_Work task_
For this exercise, reproduce the entries below exactly, but only from the line containing "w \<longleftrightarrow> Card_order w" through the line containing "text \<open>Gal(F, mu, lambda), where", both included.

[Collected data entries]

(* If for some $1\leq n<\omega$ the property $\mathrm{Gal}(\mathrm{Cub}_{\aleph_m},\aleph_m,2^{\aleph_m})$ fails for all $m\in[n,\omega)$, then $2^{\aleph_n}>\aleph_\omega$. In particular, $\aleph_\omega$ is not a strong limit cardinal.
   Context: $\mathrm{Cub}_\mu$ is the club filter on $\mu$. For a regular uncountable cardinal $\mu$, a cardinal $\lambda$ and a filter $\mathscr{F}$ over $\mu$, $\mathrm{Gal}(\mathscr{F},\mu,\lambda)$ means: every sequence $\langle A_\alpha\mid \alpha<\lambda\rangle$ of members of $\mathscr{F}$ has a set of indices $I\subseteq\lambda$ with $|I|=\mu$ and $\bigcap_{\alpha\in I}A_\alpha\in\mathscr{F}$. *)

theory Defs
  imports Main
begin

text \<open>Cardinals are represented, as in the HOL cardinal library, by cardinal
  well-orders (Card_order r) on a carrier Field r inside some type.\<close>

fun is_aleph :: "nat \<Rightarrow> 'a rel \<Rightarrow> bool" where
  "is_aleph 0 r = (Card_order r \<and> ordIso2 r natLeq)"
| "is_aleph (Suc m) r = (Card_order r \<and> (\<exists>s::'a rel. is_aleph m s \<and> ordIso2 r (cardSuc s)))"

definition is_aleph_omega :: "'a rel \<Rightarrow> bool" where
  "is_aleph_omega w \<longleftrightarrow> Card_order w
     \<and> (\<forall>m (s::'a rel). is_aleph m s \<longrightarrow> ordLess2 s w)
     \<and> (\<forall>t::'a rel. Card_order t \<and> (\<forall>m (s::'a rel). is_aleph m s \<longrightarrow> ordLess2 s t)
            \<longrightarrow> ordLeq3 w t)"

definition strong_limit :: "'a rel \<Rightarrow> bool" where
  "strong_limit w \<longleftrightarrow> (\<forall>s::'a rel. Card_order s \<and> ordLess2 s w
      \<longrightarrow> ordLess2 (card_of (Pow (Field s))) w)"

definition is_lub :: "'a rel \<Rightarrow> 'a set \<Rightarrow> 'a \<Rightarrow> bool" where
  "is_lub mu B d \<longleftrightarrow> d \<in> Field mu \<and> (\<forall>b\<in>B. (b, d) \<in> mu)
     \<and> (\<forall>d'\<in>Field mu. (\<forall>b\<in>B. (b, d') \<in> mu) \<longrightarrow> (d, d') \<in> mu)"

definition unbounded :: "'a rel \<Rightarrow> 'a set \<Rightarrow> bool" where
  "unbounded mu C \<longleftrightarrow> (\<forall>a\<in>Field mu. \<exists>b\<in>C. (a, b) \<in> mu \<and> a \<noteq> b)"

definition closed :: "'a rel \<Rightarrow> 'a set \<Rightarrow> bool" where
  "closed mu C \<longleftrightarrow> (\<forall>B d. B \<subseteq> C \<and> B \<noteq> {} \<and> is_lub mu B d \<longrightarrow> d \<in> C)"

definition club :: "'a rel \<Rightarrow> 'a set \<Rightarrow> bool" where
  "club mu C \<longleftrightarrow> C \<subseteq> Field mu \<and> unbounded mu C \<and> closed mu C"

definition Cub :: "'a rel \<Rightarrow> 'a set set" where
  "Cub mu = {A. A \<subseteq> Field mu \<and> (\<exists>C. club mu C \<and> C \<subseteq> A)}"

text \<open>Gal(F, mu, lambda), where lambda is given as an index set L with |L| = lambda.\<close>
definition Gal :: "'a set set \<Rightarrow> 'a rel \<Rightarrow> 'i set \<Rightarrow> bool" where
  "Gal F mu L \<longleftrightarrow> (\<forall>A :: 'i \<Rightarrow> 'a set. (\<forall>i\<in>L. A i \<in> F) \<longrightarrow>
      (\<exists>I\<subseteq>L. ordIso2 (card_of I) mu \<and> \<Inter>(A ` I) \<in> F))"

end

theory Submission
  imports Defs
begin

text \<open>Galvin's argument: let \<mu> = \<kappa>+ with \<kappa> infinite and 2^\<kappa> < \<lambda>, and let clubs
  C \<beta> (\<beta> < \<lambda>) be given. Below each \<delta> < \<mu> there are only 2^\<kappa> possible traces
  C \<beta> \<inter> \<delta>, so some \<beta>0 shares its trace below every \<delta> with \<mu> many \<beta>. Choosing
  distinct such \<alpha> \<delta> by recursion on \<delta>, the club C \<beta>0 \<inter> \<Delta>(\<delta> < \<mu>). C (\<alpha> \<delta>) lies inside
  every C (\<alpha> \<delta>): this is Gal(Cub \<mu>, \<mu>, \<lambda>).

  Hence if Gal fails at every \<aleph>(m + 1) with m \<ge> n, then 2^\<aleph>(m + 1) \<le> 2^\<aleph>(m) for
  all m \<ge> n, so 2^\<aleph>(n) exceeds every \<aleph>(m) and \<aleph>(\<omega>) \<le> 2^\<aleph>(n). Equality is
  impossible: \<aleph>(\<omega>) is a countable union of smaller sets, whereas 2^\<aleph>(n), being equal
  to its own \<aleph>(0)-th power, is not (Koenig).\<close>

unbundle cardinal_syntax

lemma Well_order_refl: "Well_order r \<Longrightarrow> x \<in> Field r \<Longrightarrow> (x, x) \<in> r"
  by (meson order_on_defs refl_onD)

lemma Well_order_trans: "Well_order r \<Longrightarrow> (x, y) \<in> r \<Longrightarrow> (y, z) \<in> r \<Longrightarrow> (x, z) \<in> r"
  by (meson order_on_defs transD)

lemma Well_order_antisym: "Well_order r \<Longrightarrow> (x, y) \<in> r \<Longrightarrow> (y, x) \<in> r \<Longrightarrow> x = y"
  by (meson order_on_defs antisymD)

lemma Well_order_le_of_notin_underS:
  "Well_order r \<Longrightarrow> x \<in> Field r \<Longrightarrow> y \<in> Field r \<Longrightarrow> y \<notin> underS r x \<Longrightarrow> (x, y) \<in> r"
  unfolding underS_def by (auto intro: wo_rel.in_notinI simp: wo_rel_def)

lemma Well_order_under_underS_trans:
  assumes wo: "Well_order r" and xy: "(x, y) \<in> r" and yz: "y \<in> underS r z"
  shows "x \<in> underS r z"
proof -
  have "(y, z) \<in> r" "y \<noteq> z" using yz unfolding underS_def by auto
  then have "(x, z) \<in> r" "x \<noteq> z"
    using Well_order_trans[OF wo xy] Well_order_antisym[OF wo xy] by auto
  then show ?thesis unfolding underS_def by simp
qed

lemma Well_order_underS_under_trans:
  "Well_order r \<Longrightarrow> x \<in> underS r y \<Longrightarrow> (y, z) \<in> r \<Longrightarrow> x \<in> underS r z"
  using underS_incr by (metis order_on_defs subsetD)

lemma Well_order_chain_le:
  assumes wo: "Well_order s" and succ: "\<And>n. (xs n, xs (Suc n)) \<in> s" and "i \<le> j"
  shows "(xs i, xs j) \<in> s"
  using \<open>i \<le> j\<close>
proof (induction j rule: dec_induct)
  case base
  show ?case using Well_order_refl[OF wo FieldI1[OF succ]] .
next
  case (step j)
  from step.IH show ?case by (rule Well_order_trans[OF wo _ succ])
qed

lemma is_lub_exists:
  assumes wo: "Well_order s" and g: "g \<in> Field s" "\<forall>b\<in>B. (b, g) \<in> s"
  obtains d where "is_lub s B d"
proof -
  interpret wo_rel s using wo by (simp add: wo_rel_def)
  let ?U = "{d \<in> Field s. \<forall>b\<in>B. (b, d) \<in> s}"
  have U: "?U \<subseteq> Field s" "?U \<noteq> {}" using g by auto
  have "minim ?U \<in> ?U" by (rule minim_in[OF U])
  moreover have "(minim ?U, d') \<in> s" if "d' \<in> ?U" for d'
    using minim_least[OF U(1) that] .
  ultimately have "is_lub s B (minim ?U)" unfolding is_lub_def by simp
  then show thesis by (rule that)
qed

lemma is_lub_interleaved:
  assumes wo: "Well_order s" and lub: "is_lub s B d"
    and below: "\<forall>b'\<in>B'. \<exists>b\<in>B. (b', b) \<in> s" and above: "\<forall>b\<in>B. \<exists>b'\<in>B'. (b, b') \<in> s"
  shows "is_lub s B' d"
  unfolding is_lub_def
proof (intro conjI ballI impI)
  show "d \<in> Field s" using lub unfolding is_lub_def by blast
next
  fix b' assume "b' \<in> B'"
  then obtain b where b: "b \<in> B" "(b', b) \<in> s" using below by blast
  have "(b, d) \<in> s" using lub b(1) unfolding is_lub_def by blast
  then show "(b', d) \<in> s" by (rule Well_order_trans[OF wo b(2)])
next
  fix d' assume d': "d' \<in> Field s" "\<forall>b'\<in>B'. (b', d') \<in> s"
  have "(b, d') \<in> s" if b: "b \<in> B" for b
  proof -
    obtain b' where "b' \<in> B'" "(b, b') \<in> s" using above b by blast
    then show ?thesis using Well_order_trans[OF wo \<open>(b, b') \<in> s\<close>] d'(2) by blast
  qed
  then show "(d, d') \<in> s" using lub d'(1) unfolding is_lub_def by blast
qed

lemma is_lub_above_subset:
  assumes wo: "Well_order s" and lub: "is_lub s B d" and B: "B \<subseteq> Field s"
    and \<delta>: "\<delta> \<in> underS s d"
  shows "{b \<in> B. \<delta> \<in> underS s b} \<noteq> {}" "is_lub s {b \<in> B. \<delta> \<in> underS s b} d"
proof -
  have \<delta>F: "\<delta> \<in> Field s" using \<delta> underS_Field by fast
  have "\<exists>b\<in>B. \<delta> \<in> underS s b"
  proof (rule ccontr)
    assume "\<not> ?thesis"
    then have "\<forall>b\<in>B. (b, \<delta>) \<in> s" using Well_order_le_of_notin_underS[OF wo] B \<delta>F by blast
    then have "(d, \<delta>) \<in> s" using lub \<delta>F unfolding is_lub_def by blast
    then show False using \<delta> Well_order_antisym[OF wo] unfolding underS_def by blast
  qed
  then obtain b0 where b0: "b0 \<in> B" "\<delta> \<in> underS s b0" by blast
  then show "{b \<in> B. \<delta> \<in> underS s b} \<noteq> {}" by blast
  show "is_lub s {b \<in> B. \<delta> \<in> underS s b} d"
  proof (rule is_lub_interleaved[OF wo lub])
    show "\<forall>b'\<in>{b \<in> B. \<delta> \<in> underS s b}. \<exists>b\<in>B. (b', b) \<in> s" using Well_order_refl[OF wo] B by blast
    show "\<forall>b\<in>B. \<exists>b'\<in>{b \<in> B. \<delta> \<in> underS s b}. (b, b') \<in> s"
    proof
      fix b assume b: "b \<in> B"
      show "\<exists>b'\<in>{b \<in> B. \<delta> \<in> underS s b}. (b, b') \<in> s"
      proof (cases "\<delta> \<in> underS s b")
        case True
        then show ?thesis using b Well_order_refl[OF wo] B by blast
      next
        case False
        then have "(b, \<delta>) \<in> s" using Well_order_le_of_notin_underS[OF wo] b B \<delta>F by blast
        then have "b \<in> underS s b0" by (rule Well_order_under_underS_trans[OF wo _ b0(2)])
        then show ?thesis using b0 unfolding underS_def by blast
      qed
    qed
  qed
qed

lemma card_of_Pow_mono: "|A| \<le>o |B| \<Longrightarrow> |Pow A| \<le>o |Pow B|"
proof -
  assume "|A| \<le>o |B|"
  then obtain f where f: "inj_on f A" "f ` A \<subseteq> B" using card_of_ordLeq by metis
  then have "inj_on (image f) (Pow A)" "image f ` Pow A \<subseteq> Pow B"
    using inj_on_image_Pow image_Pow_mono by blast+
  then show ?thesis using card_of_ordLeq by blast
qed

lemma card_of_Pow_cong: "|A| =o |B| \<Longrightarrow> |Pow A| =o |Pow B|"
  by (meson card_of_Pow_mono ordIso_iff_ordLeq)

lemma card_of_insert_ordLess:
  assumes s: "Card_order s" "\<not> finite (Field s)" and X: "|X| <o s"
  shows "|insert a X| <o s"
proof -
  have "|{a}| <o s"
    by (rule finite_ordLess_infinite[OF card_of_Well_order card_order_on_well_order_on[OF s(1)]])
      (simp_all add: s(2) Field_card_of)
  then have "|{a} \<union> X| <o s" using X by (rule card_of_Un_ordLess_infinite_Field[OF s(2,1)])
  then show ?thesis by simp
qed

_The completed task_
  "is_aleph_omega w \<longleftrightarrow> Card_order w
     \<and> (\<forall>m (s::'a rel). is_aleph m s \<longrightarrow> ordLess2 s w)
     \<and> (\<forall>t::'a rel. Card_order t \<and> (\<forall>m (s::'a rel). is_aleph m s \<longrightarrow> ordLess2 s t)
            \<longrightarrow> ordLeq3 w t)"

definition strong_limit :: "'a rel \<Rightarrow> bool" where
  "strong_limit w \<longleftrightarrow> (\<forall>s::'a rel. Card_order s \<and> ordLess2 s w
      \<longrightarrow> ordLess2 (card_of (Pow (Field s))) w)"

definition is_lub :: "'a rel \<Rightarrow> 'a set \<Rightarrow> 'a \<Rightarrow> bool" where
  "is_lub mu B d \<longleftrightarrow> d \<in> Field mu \<and> (\<forall>b\<in>B. (b, d) \<in> mu)
     \<and> (\<forall>d'\<in>Field mu. (\<forall>b\<in>B. (b, d') \<in> mu) \<longrightarrow> (d, d') \<in> mu)"

definition unbounded :: "'a rel \<Rightarrow> 'a set \<Rightarrow> bool" where
  "unbounded mu C \<longleftrightarrow> (\<forall>a\<in>Field mu. \<exists>b\<in>C. (a, b) \<in> mu \<and> a \<noteq> b)"

definition closed :: "'a rel \<Rightarrow> 'a set \<Rightarrow> bool" where
  "closed mu C \<longleftrightarrow> (\<forall>B d. B \<subseteq> C \<and> B \<noteq> {} \<and> is_lub mu B d \<longrightarrow> d \<in> C)"

definition club :: "'a rel \<Rightarrow> 'a set \<Rightarrow> bool" where
  "club mu C \<longleftrightarrow> C \<subseteq> Field mu \<and> unbounded mu C \<and> closed mu C"

definition Cub :: "'a rel \<Rightarrow> 'a set set" where
  "Cub mu = {A. A \<subseteq> Field mu \<and> (\<exists>C. club mu C \<and> C \<subseteq> A)}"

text \<open>Gal(F, mu, lambda), where lambda is given as an index set L with |L| = lambda.\<close>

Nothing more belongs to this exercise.